Se cada embarcação naufragada no litoral verde-amarelo rendesse ao País a mesma quantia que o cineasta James Cameron arrecadou com o filme Titanic (EUA, 1997), o Brasil seria a potência mais rica do planeta. Só o Parcel Manuel Luís, no Maranhão, abriga 200 embarcações - entre galeões, caravelas e fragatas - naufragadas em meio aos 18 quilômetros de formações rochosas subaquáticas.

Outro ponto nordestino que tem muitas histórias para contar é a praia dos Náufragos, em Aracaju (SE), que, como o próprio nome indica, abriga destroços de diversos navios, cujos interiores podem ser visitados. A maior parte deles fica a menos de uma milha da costa e a cerca de 30 metros de profundidade, próximo às lajes de corais.

No litoral paraibano, por sua vez, a capital João Pessoa abriga uma série de vapores do século 19. Um dos mais belos é o Bahia, afundado em 1887 ao se chocar com o navio Pirapama, que regressou às pressas para o Recife deixando os náufragos a ver navios, agarrados aos dois metros de mastro que permaneceram fora da superfície.

Ainda na Paraíba, o navio Vanduaria, encalhado num banco de areia em frente à praia de Fagundes, no município de Lucena, exibe rodas antigas de trem em meio a ferragens durante a maré baixa, quando é possível caminhar sobre parte dos destroços.

E em Maracajaú, na costa Norte potiguar, lanchas e escunas conduzem os turistas a plataformas para a prática do mergulho livre com o auxílio de boias e snorkels. Quem paga mais para alcançar o fundo, com cilindro, é recompensado pelas riquezas da fauna marinha, farta em frades, cirurgiões, lesmas-do-mar, crisudos, arraias, moreias, poliquetas, mututucas, polvos, lulas e peixes-borboleta.

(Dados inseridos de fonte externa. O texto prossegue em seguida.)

(* Let $\mathcal{X}=\{\mathbf{x}_1,\dots,\mathbf{x}_N\}\subset\mathbb{R}^d$ with $N\ge2$ and with pairwise distinct points, i.e. $\mathbf{x}_i\neq\mathbf{x}_j$ for $i\ne j$. Define the leave-one-out (LOO) total log-likelihood of the adaptive KDE model $$L_{\text{LOO}}(\sigma_1,\dots,\sigma_N)=\sum_{i=1}^N\log\sum_{j\neq i}\mathcal{N}(\mathbf{x}_i;\mathbf{x}_j,\sigma_j^2\mathbf{I}),\qquad \sigma\in(0,\infty)^N.$$ Then there exists $\varepsilon>0$, depending only on the dataset, such that every maximizer $\sigma^*\in(0,\infty)^N$ of $L_{\text{LOO}}$ satisfies $\sigma_j^*\ge\varepsilon$ for all $j=1,\dots,N$. In particular, no optimal solution of the LOO maximum log-likelihood problem exhibits data-copying (no bandwidth tends to $0^+$).
   Context: $\mathcal{N}(\mathbf{x};\boldsymbol\mu,\sigma^2\mathbf{I})=(2\pi\sigma^2)^{-d/2}\exp\!\big(-\lVert\mathbf{x}-\boldsymbol\mu\rVert^2/(2\sigma^2)\big)$ denotes the isotropic Gaussian density on $\mathbb{R}^d$. "Data-copying" means that some bandwidth $\sigma_j\to0^+$. *)

theory Defs
  imports "HOL-Analysis.Analysis"
begin

definition gauss_density :: "'a::euclidean_space \<Rightarrow> 'a \<Rightarrow> real \<Rightarrow> real" where
  "gauss_density x mu s2 =
     (2 * pi * s2) powr (- real DIM('a) / 2) * exp (- (norm (x - mu))\<^sup>2 / (2 * s2))"

definition L_LOO :: "nat \<Rightarrow> (nat \<Rightarrow> 'a::euclidean_space) \<Rightarrow> (nat \<Rightarrow> real) \<Rightarrow> real" where
  "L_LOO N x sg =
     (\<Sum>i<N. ln (\<Sum>j\<in>{..<N} - {i}. gauss_density (x i) (x j) ((sg j)\<^sup>2)))"

end

theory Submission imports Defs begin

text \<open>For a fixed point x and centre mu at distance r, the Gaussian density in the variance s
  behaves like s powr (-d/2) * exp (-r^2/(2s)), which increases on the whole range s \<le> r^2/d.
  Hence a bandwidth below the threshold eps = m / sqrt d, with m the minimal distance between
  data points, can be raised to eps: this increases every leave-one-out kernel centred at that
  point, strictly for each of the (at least one) other data points, so it strictly increases the
  LOO likelihood and the original bandwidths were not a maximizer.\<close>

lemma gauss_density_pos:
  fixes x mu :: "'a::euclidean_space"
  assumes "s > 0"
  shows "gauss_density x mu s > 0"
  using assms unfolding gauss_density_def by simp

lemma gauss_density_eq_exp:
  fixes x mu :: "'a::euclidean_space"
  assumes "s > 0"
  shows "gauss_density x mu s =
           exp (- real DIM('a) / 2 * ln (2 * pi * s) - (norm (x - mu))\<^sup>2 / (2 * s))"
  using assms unfolding gauss_density_def by (simp add: powr_def exp_add[symmetric] mult.commute)

lemma gauss_density_strict_mono_variance:
  fixes x mu :: "'a::euclidean_space"
  assumes "0 < s" "s < t" and "t * real DIM('a) \<le> (norm (x - mu))\<^sup>2"
  shows "gauss_density x mu s < gauss_density x mu t"
proof -
  define d where "d = real DIM('a)"
  define r2 where "r2 = (norm (x - mu))\<^sup>2"
  have "d \<ge> 1" unfolding d_def by (simp add: DIM_positive Suc_le_eq)
  have "ln (t / s) < t / s - 1"
    using ln_add_one_self_less_self[of "t / s - 1"] assms by simp
  then have "d * ln (t / s) < d * (t / s - 1)" using \<open>d \<ge> 1\<close> by simp
  also have "\<dots> = d * t * (t - s) / (s * t)" using assms by (simp add: field_simps)
  also have "\<dots> \<le> r2 * (t - s) / (s * t)"
    using assms unfolding d_def r2_def by (intro divide_right_mono mult_right_mono) (auto simp: mult.commute)
  also have "\<dots> = r2 / s - r2 / t" using assms by (simp add: field_simps)
  finally have "d * ln (t / s) < r2 / s - r2 / t" .
  moreover have "ln (2 * pi * t) - ln (2 * pi * s) = ln (t / s)"
    using assms by (simp add: ln_mult ln_div)
  ultimately have "- d / 2 * ln (2 * pi * s) - r2 / (2 * s) < - d / 2 * ln (2 * pi * t) - r2 / (2 * t)"
    by (simp add: field_simps)
  then show ?thesis
    using assms unfolding d_def r2_def
    by (simp add: gauss_density_eq_exp[OF \<open>0 < s\<close>] gauss_density_eq_exp[of t])
qed

lemma finite_inj_on_separated:
  fixes x :: "'i \<Rightarrow> 'a::metric_space"
  assumes "finite A" "inj_on x A"
  obtains m where "m > 0" "\<And>i k. i \<in> A \<Longrightarrow> k \<in> A \<Longrightarrow> i \<noteq> k \<Longrightarrow> m \<le> dist (x i) (x k)"
proof -
  define D where "D = insert 1 ((\<lambda>(i, k). dist (x i) (x k)) ` {(i, k) \<in> A \<times> A. i \<noteq> k})"
  have "finite D" using assms(1) unfolding D_def by (auto intro: finite_subset[of _ "A \<times> A"])
  have "r > 0" if "r \<in> D" for r
    using that assms(2) unfolding D_def by (auto simp: inj_on_def)
  then have "Min D > 0" using \<open>finite D\<close> unfolding D_def by simp
  moreover have "Min D \<le> dist (x i) (x k)" if "i \<in> A" "k \<in> A" "i \<noteq> k" for i k
    using \<open>finite D\<close> that unfolding D_def by (intro Min_le) auto
  ultimately show ?thesis using that by blast
qed

definition loo_mixture :: "nat \<Rightarrow> (nat \<Rightarrow> 'a::euclidean_space) \<Rightarrow> (nat \<Rightarrow> real) \<Rightarrow> nat \<Rightarrow> real" where
  "loo_mixture N x sg i = (\<Sum>k\<in>{..<N} - {i}. gauss_density (x i) (x k) ((sg k)\<^sup>2))"

lemma L_LOO_eq_sum_ln_loo_mixture: "L_LOO N x sg = (\<Sum>i<N. ln (loo_mixture N x sg i))"
  unfolding L_LOO_def loo_mixture_def ..

lemma loo_mixture_pos:
  assumes "N \<ge> 2" "i < N" and "\<And>k. k < N \<Longrightarrow> sg k > 0"
  shows "loo_mixture N x sg i > 0"
proof -
  define k where "k = (if i = 0 then 1 else (0::nat))"
  have "k \<in> {..<N} - {i}" using assms unfolding k_def by auto
  then show ?thesis
    unfolding loo_mixture_def using assms(3)
    by (intro sum_pos2[of _ k] gauss_density_pos less_imp_le) (auto dest!: assms(3))
qed

lemma L_LOO_strict_increase:
  fixes x :: "nat \<Rightarrow> 'a::euclidean_space"
  assumes "N \<ge> 2" "j < N" and sg_pos: "\<And>k. k < N \<Longrightarrow> sg k > 0" and "sg j < b"
    and far: "\<And>i. i < N \<Longrightarrow> i \<noteq> j \<Longrightarrow> b * sqrt (real DIM('a)) \<le> norm (x i - x j)"
  shows "L_LOO N x sg < L_LOO N x (sg(j := b))"
proof -
  let ?tau = "sg(j := b)"
  have kernel_lt: "gauss_density (x i) (x j) ((sg j)\<^sup>2) < gauss_density (x i) (x j) (b\<^sup>2)"
    if "i < N" "i \<noteq> j" for i
  proof (rule gauss_density_strict_mono_variance)
    show "0 < (sg j)\<^sup>2" "(sg j)\<^sup>2 < b\<^sup>2"
      using sg_pos[OF \<open>j < N\<close>] \<open>sg j < b\<close> by (auto intro: power_strict_mono)
    have "(b * sqrt (real DIM('a)))\<^sup>2 \<le> (norm (x i - x j))\<^sup>2"
      using far[OF that] sg_pos[OF \<open>j < N\<close>] \<open>sg j < b\<close> by (intro power_mono) auto
    then show "b\<^sup>2 * real DIM('a) \<le> (norm (x i - x j))\<^sup>2" by (simp add: power_mult_distrib)
  qed
  have kernel_le: "gauss_density (x i) (x k) ((sg k)\<^sup>2) \<le> gauss_density (x i) (x k) ((?tau k)\<^sup>2)"
    if "i < N" "k \<in> {..<N} - {i}" for i k
    using kernel_lt[OF \<open>i < N\<close>] that by (cases "k = j") auto
  have mixture_le: "loo_mixture N x sg i \<le> loo_mixture N x ?tau i" if "i < N" for i
    unfolding loo_mixture_def using that by (intro sum_mono kernel_le)
  have mixture_lt: "loo_mixture N x sg i < loo_mixture N x ?tau i" if "i < N" "i \<noteq> j" for i
    unfolding loo_mixture_def using that \<open>j < N\<close> kernel_lt
    by (intro sum_strict_mono_ex1) (auto intro!: kernel_le less_imp_le bexI[of _ j])
  have mixture_pos: "loo_mixture N x sg i > 0" if "i < N" for i
    using loo_mixture_pos \<open>N \<ge> 2\<close> that sg_pos by blast
  define i where "i = (if j = 0 then 1 else (0::nat))"
  have "i < N" "i \<noteq> j" using assms(1,2) unfolding i_def by auto
  show ?thesis unfolding L_LOO_eq_sum_ln_loo_mixture
  proof (rule sum_strict_mono_ex1)
    show "\<forall>l\<in>{..<N}. ln (loo_mixture N x sg l) \<le> ln (loo_mixture N x ?tau l)"
      using mixture_pos mixture_le by (auto intro: ln_mono order_less_le_trans)
    show "\<exists>l\<in>{..<N}. ln (loo_mixture N x sg l) < ln (loo_mixture N x ?tau l)"
      using mixture_pos[OF \<open>i < N\<close>] mixture_lt[OF \<open>i < N\<close> \<open>i \<noteq> j\<close>] \<open>i < N\<close>
      by (intro bexI[of _ i]) auto
  qed simp
qed

theorem theorem2:
  fixes N :: nat and x :: "nat \<Rightarrow> 'a::euclidean_space"
  assumes "N \<ge> 2"
    and "inj_on x {..<N}"
  shows "\<exists>\<epsilon>>0. \<forall>\<sigma> :: nat \<Rightarrow> real.
           ((\<forall>j<N. \<sigma> j > 0) \<and>
            (\<forall>\<tau> :: nat \<Rightarrow> real. (\<forall>j<N. \<tau> j > 0) \<longrightarrow> L_LOO N x \<tau> \<le> L_LOO N x \<sigma>))
           \<longrightarrow> (\<forall>j<N. \<sigma> j \<ge> \<epsilon>)"
proof -
  obtain m where "m > 0" and sep: "\<And>i k. i < N \<Longrightarrow> k < N \<Longrightarrow> i \<noteq> k \<Longrightarrow> m \<le> dist (x i) (x k)"
    using finite_inj_on_separated[OF _ assms(2)] by auto
  define \<epsilon> where "\<epsilon> = m / sqrt (real DIM('a))"
  have "\<epsilon> > 0" unfolding \<epsilon>_def using \<open>m > 0\<close> by simp
  have far: "\<epsilon> * sqrt (real DIM('a)) \<le> norm (x i - x j)" if "i < N" "j < N" "i \<noteq> j" for i j
    using sep[OF that] unfolding \<epsilon>_def by (simp add: dist_norm)
  show ?thesis
  proof (intro exI[of _ \<epsilon>] conjI \<open>\<epsilon> > 0\<close> allI impI)
    fix \<sigma> :: "nat \<Rightarrow> real" and j
    assume max: "(\<forall>j<N. \<sigma> j > 0) \<and>
            (\<forall>\<tau> :: nat \<Rightarrow> real. (\<forall>j<N. \<tau> j > 0) \<longrightarrow> L_LOO N x \<tau> \<le> L_LOO N x \<sigma>)"
      and "j < N"
    show "\<sigma> j \<ge> \<epsilon>"
    proof (rule ccontr)
      assume "\<not> \<sigma> j \<ge> \<epsilon>"
      then have "L_LOO N x \<sigma> < L_LOO N x (\<sigma>(j := \<epsilon>))"
        using max \<open>N \<ge> 2\<close> \<open>j < N\<close> far by (intro L_LOO_strict_increase) auto
      moreover have "L_LOO N x (\<sigma>(j := \<epsilon>)) \<le> L_LOO N x \<sigma>"
        using max \<open>\<epsilon> > 0\<close> by simp
      ultimately show False by simp
    qed
  qed
qed

end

Sul - A visibilidade de até 15 metros e a imensa variedade de peixes fazem da Ilha do Arvoredo, em Bombinhas (SC), o recanto preferido de mergulhadores no Sul do Brasil. Barcos levam cerca de duas horas até um dos nove pontos de desembarque no Sul de Arvoredo (não é permitido mergulhar ao Norte, que fica dentro de uma reserva natural). Destaque para o naufrágio do navio Lili, na ilha de Galés. Os destroços servem de refúgio a arraias, frades e tartarugas marinhas maiores do que muita gente.